[Stored items]
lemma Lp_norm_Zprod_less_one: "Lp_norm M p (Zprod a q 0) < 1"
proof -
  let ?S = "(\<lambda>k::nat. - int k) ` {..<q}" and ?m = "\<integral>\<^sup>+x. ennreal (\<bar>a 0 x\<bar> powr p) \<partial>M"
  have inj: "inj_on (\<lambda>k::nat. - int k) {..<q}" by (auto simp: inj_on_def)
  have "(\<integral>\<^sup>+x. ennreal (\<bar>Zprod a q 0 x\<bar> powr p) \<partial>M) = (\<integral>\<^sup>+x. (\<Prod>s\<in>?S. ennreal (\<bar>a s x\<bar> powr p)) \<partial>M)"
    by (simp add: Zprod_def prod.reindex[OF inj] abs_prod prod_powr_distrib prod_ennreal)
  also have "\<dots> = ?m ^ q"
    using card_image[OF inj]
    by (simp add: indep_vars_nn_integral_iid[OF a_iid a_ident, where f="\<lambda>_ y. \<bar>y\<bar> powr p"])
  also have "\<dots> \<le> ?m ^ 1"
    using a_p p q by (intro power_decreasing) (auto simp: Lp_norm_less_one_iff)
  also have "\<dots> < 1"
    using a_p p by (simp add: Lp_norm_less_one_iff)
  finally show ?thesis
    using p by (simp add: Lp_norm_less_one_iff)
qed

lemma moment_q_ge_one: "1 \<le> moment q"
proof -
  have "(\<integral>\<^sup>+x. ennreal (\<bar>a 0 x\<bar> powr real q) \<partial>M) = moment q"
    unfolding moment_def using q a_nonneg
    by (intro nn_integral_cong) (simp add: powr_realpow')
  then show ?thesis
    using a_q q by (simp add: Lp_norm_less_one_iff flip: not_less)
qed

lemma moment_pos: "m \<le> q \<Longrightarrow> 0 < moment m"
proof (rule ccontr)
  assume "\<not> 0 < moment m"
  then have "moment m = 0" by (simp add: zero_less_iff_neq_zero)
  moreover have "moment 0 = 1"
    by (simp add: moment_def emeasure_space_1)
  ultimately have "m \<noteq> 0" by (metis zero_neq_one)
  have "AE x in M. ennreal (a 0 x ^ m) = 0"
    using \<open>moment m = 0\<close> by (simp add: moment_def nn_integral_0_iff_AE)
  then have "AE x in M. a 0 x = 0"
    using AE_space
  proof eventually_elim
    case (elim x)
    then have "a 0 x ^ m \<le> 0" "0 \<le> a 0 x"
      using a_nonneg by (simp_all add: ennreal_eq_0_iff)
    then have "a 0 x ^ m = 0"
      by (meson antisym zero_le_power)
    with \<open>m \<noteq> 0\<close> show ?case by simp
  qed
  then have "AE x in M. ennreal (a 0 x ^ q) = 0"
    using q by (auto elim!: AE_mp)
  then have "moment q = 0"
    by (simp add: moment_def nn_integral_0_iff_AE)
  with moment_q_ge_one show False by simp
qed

WHAT IS EXPECTED:
Could you state how many lines of the entries contain the word "noteq"? Only the number is wanted.

SOLUTION:
2